Saved entries
====

(* Let $n\geq 2$ and $k\geq 3$. If $c$ is an exact $k$-coloring of $\mathcal{B}_n$ with no rainbow induced copy of $\mathcal{C}_3$, then $k\leq \binom{n}{\lceil n/2\rceil}+1$.
   Context: $\mathcal{B}_n$ denotes the Boolean lattice of all subsets of $[n]$ ordered by inclusion. An exact $k$-coloring of $\mathcal{B}_n$ is a surjective map $\mathcal{B}_n\to[k]$. A rainbow induced copy of $\mathcal{C}_3$ is a chain $X\subsetneq Y\subsetneq Z$ whose three sets have pairwise distinct colors. *)

theory Defs
  imports Main
begin

definition boolean_lattice :: "nat \<Rightarrow> nat set set" where
  "boolean_lattice n = Pow {1..n}"

definition exact_coloring :: "nat \<Rightarrow> nat \<Rightarrow> (nat set \<Rightarrow> nat) \<Rightarrow> bool" where
  "exact_coloring n k c \<longleftrightarrow> c ` boolean_lattice n = {1..k}"

definition has_rainbow_C3 :: "nat \<Rightarrow> (nat set \<Rightarrow> nat) \<Rightarrow> bool" where
  "has_rainbow_C3 n c \<longleftrightarrow>
     (\<exists>X Y Z. X \<in> boolean_lattice n \<and> Y \<in> boolean_lattice n \<and> Z \<in> boolean_lattice n \<and>
              X \<subset> Y \<and> Y \<subset> Z \<and> c X \<noteq> c Y \<and> c Y \<noteq> c Z \<and> c X \<noteq> c Z)"

end

theory Submission
  imports Defs "HOL.Binomial_Plus"
begin

text \<open>For every color other than that of the empty set pick a set of that color. These sets form
  an antichain: if one were strictly contained in another, the two together with the empty set
  would be a rainbow 3-chain. Sperner's theorem, proved via the LYM inequality, bounds the size
  of an antichain by the central binomial coefficient.\<close>

definition antichain :: "'a set set \<Rightarrow> bool" where
  "antichain F \<longleftrightarrow> (\<forall>A\<in>F. \<forall>B\<in>F. A \<subseteq> B \<longrightarrow> A = B)"

lemma antichain_subset: "antichain F \<Longrightarrow> G \<subseteq> F \<Longrightarrow> antichain G"
  unfolding antichain_def by blast

lemma lym_inequality:
  assumes "finite S" "F \<subseteq> Pow S" "antichain F"
  shows "(\<Sum>A\<in>F. fact (card A) * fact (card S - card A)) \<le> (fact (card S) :: nat)"
  using assms
proof (induction "card S" arbitrary: S F)
  case 0
  then have "F \<subseteq> {{}}" by auto
  then show ?case by (auto simp: subset_singleton_iff)
next
  case (Suc n)
  show ?case
  proof (cases "S \<in> F")
    case True
    then have "F = {S}" using Suc.prems(2,3) unfolding antichain_def by blast
    then show ?thesis by simp
  next
    case False
    define w :: "'a set \<Rightarrow> nat" where "w A = fact (card A) * fact (n - card A)" for A
    have finite_F: "finite F" using Suc.prems(1,2) finite_subset by auto
    have IH: "(\<Sum>A\<in>{A\<in>F. x \<notin> A}. w A) \<le> fact n" if "x \<in> S" for x
    proof -
      have "card (S - {x}) = n" using Suc.hyps(2) Suc.prems(1) that by simp
      moreover have "{A\<in>F. x \<notin> A} \<subseteq> Pow (S - {x})" using Suc.prems(2) by auto
      ultimately show ?thesis unfolding w_def
        using Suc.hyps(1)[of "S - {x}" "{A\<in>F. x \<notin> A}"] Suc.prems(1,3)
        by (auto intro: antichain_subset)
    qed
    text \<open>Summing \<open>IH\<close> over \<open>x \<in> S\<close> counts each \<open>A \<in> F\<close> once for every point of
      \<open>S - A\<close>, and \<open>card (S - A) * w A\<close> is exactly the weight of \<open>A\<close> relative to \<open>S\<close>.\<close>
    have "(\<Sum>A\<in>F. fact (card A) * fact (card S - card A))
        = (\<Sum>A\<in>F. \<Sum>x\<in>{x\<in>S. x \<notin> A}. w A)"
    proof (rule sum.cong)
      fix A assume "A \<in> F"
      then have A: "A \<subset> S" using Suc.prems(2) False by auto
      then have "card {x\<in>S. x \<notin> A} = card S - card A" "card S - card A = Suc (n - card A)"
        using Suc.hyps(2) Suc.prems(1) psubset_card_mono[of S A]
        by (auto simp: set_diff_eq[symmetric] card_Diff_subset finite_subset)
      then show "fact (card A) * fact (card S - card A) = (\<Sum>x\<in>{x\<in>S. x \<notin> A}. w A)"
        by (simp add: w_def algebra_simps)
    qed simp
    also have "\<dots> = (\<Sum>x\<in>S. \<Sum>A\<in>{A\<in>F. x \<notin> A}. w A)"
      by (rule sum.swap_restrict) (use finite_F Suc.prems(1) in auto)
    also have "\<dots> \<le> (\<Sum>x\<in>S. fact n)"
      by (rule sum_mono) (rule IH)
    also have "\<dots> = fact (card S)"
      by (simp flip: Suc.hyps(2))
    finally show ?thesis .
  qed
qed

theorem sperner:
  assumes "finite S" "F \<subseteq> Pow S" "antichain F"
  shows "card F \<le> card S choose (card S div 2)"
proof -
  define n where "n = card S"
  define M where "M = n choose (n div 2)"
  have "card F * fact n = (\<Sum>A\<in>F. fact n)" by simp
  also have "\<dots> \<le> (\<Sum>A\<in>F. fact (card A) * fact (n - card A) * M)"
  proof (rule sum_mono)
    fix A assume "A \<in> F"
    then have "card A \<le> n" using assms(1,2) card_mono unfolding n_def by blast
    then have "fact n = fact (card A) * fact (n - card A) * (n choose card A)"
      by (rule binomial_fact_lemma[symmetric])
    also have "\<dots> \<le> fact (card A) * fact (n - card A) * M"
      unfolding M_def by (rule mult_left_mono[OF binomial_maximum]) simp
    finally show "fact n \<le> fact (card A) * fact (n - card A) * M" .
  qed
  also have "\<dots> = (\<Sum>A\<in>F. fact (card A) * fact (n - card A)) * M"
    by (rule sum_distrib_right[symmetric])
  also have "\<dots> \<le> fact n * M"
    using lym_inequality[OF assms] unfolding n_def by (rule mult_right_mono) simp
  finally show ?thesis unfolding M_def n_def by simp
qed

lemma card_colors_le_Suc_central_binomial:
  assumes "finite S"
    and no_rainbow: "\<And>Y Z. {} \<subset> Y \<Longrightarrow> Y \<subset> Z \<Longrightarrow> Z \<subseteq> S \<Longrightarrow>
      c {} = c Y \<or> c Y = c Z \<or> c {} = c Z"
  shows "card (c ` Pow S) \<le> (card S choose (card S div 2)) + 1"
proof -
  define I where "I = c ` Pow S - {c {}}"
  define R where "R = inv_into (Pow S) c"
  have I_colors: "I \<subseteq> c ` Pow S" unfolding I_def by blast
  have R: "R i \<subseteq> S" "c (R i) = i" if "i \<in> I" for i
    using inv_into_into[of i c "Pow S"] f_inv_into_f[of i c "Pow S"] that I_colors
    unfolding R_def by auto
  have "antichain (R ` I)"
    unfolding antichain_def
  proof (intro ballI impI)
    fix A B assume "A \<in> R ` I" "B \<in> R ` I" "A \<subseteq> B"
    then obtain i j where i: "i \<in> I" "A = R i" and j: "j \<in> I" "B = R j" by blast
    show "A = B"
    proof (rule ccontr)
      assume "A \<noteq> B"
      have colors: "c A = i" "c B = j" "i \<noteq> c {}" "j \<noteq> c {}"
        using R(2) i j unfolding I_def by auto
      then have "{} \<subset> A" "A \<subset> B" "B \<subseteq> S"
        using \<open>A \<subseteq> B\<close> \<open>A \<noteq> B\<close> R(1) j by auto
      then have "i = j"
        using no_rainbow colors by metis
      then show False
        using i j \<open>A \<noteq> B\<close> by simp
    qed
  qed
  moreover have "R ` I \<subseteq> Pow S"
    using R(1) by blast
  ultimately have "card (R ` I) \<le> card S choose (card S div 2)"
    using sperner[OF assms(1)] by blast
  moreover have "card (R ` I) = card I"
    unfolding R_def using card_image inj_on_inv_into[OF I_colors] by blast
  moreover have "card (c ` Pow S) \<le> card I + 1"
    using card_Diff_singleton_if[of "c ` Pow S" "c {}"] assms(1)
    unfolding I_def by (auto split: if_splits)
  ultimately show ?thesis by linarith
qed

lemma binomial_Suc_div2_eq: "n choose ((n + 1) div 2) = n choose (n div 2)"
proof -
  have "(n + 1) div 2 \<le> n" "n - (n + 1) div 2 = n div 2" by auto
  then show ?thesis using binomial_symmetric by metis
qed

theorem corollary2p2:
  fixes n k :: nat and c :: "nat set \<Rightarrow> nat"
  assumes "n \<ge> 2" and "k \<ge> 3"
    and "exact_coloring n k c"
    and "\<not> has_rainbow_C3 n c"
  shows "k \<le> (n choose ((n + 1) div 2)) + 1"
proof -
  have no_rainbow: "c {} = c Y \<or> c Y = c Z \<or> c {} = c Z"
    if "{} \<subset> Y" "Y \<subset> Z" "Z \<subseteq> {1..n}" for Y Z
  proof -
    have "{} \<in> boolean_lattice n" "Y \<in> boolean_lattice n" "Z \<in> boolean_lattice n"
      using that by (auto simp: boolean_lattice_def)
    with that assms(4) show ?thesis
      unfolding has_rainbow_C3_def by blast
  qed
  have "k = card (c ` Pow {1..n})"
    using assms(3) by (simp add: exact_coloring_def boolean_lattice_def)
  also have "\<dots> \<le> (n choose (n div 2)) + 1"
    using card_colors_le_Suc_central_binomial[of "{1..n}" c] no_rainbow by simp
  also have "\<dots> = (n choose ((n + 1) div 2)) + 1"
    by (simp only: binomial_Suc_div2_eq)
  finally show ?thesis .
qed

end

====

If a line in the entries above contains "assumes", report it.

  assumes "finite S" "F \<subseteq> Pow S" "antichain F"
  assumes "finite S" "F \<subseteq> Pow S" "antichain F"
  assumes "finite S"
  assumes "n \<ge> 2" and "k \<ge> 3"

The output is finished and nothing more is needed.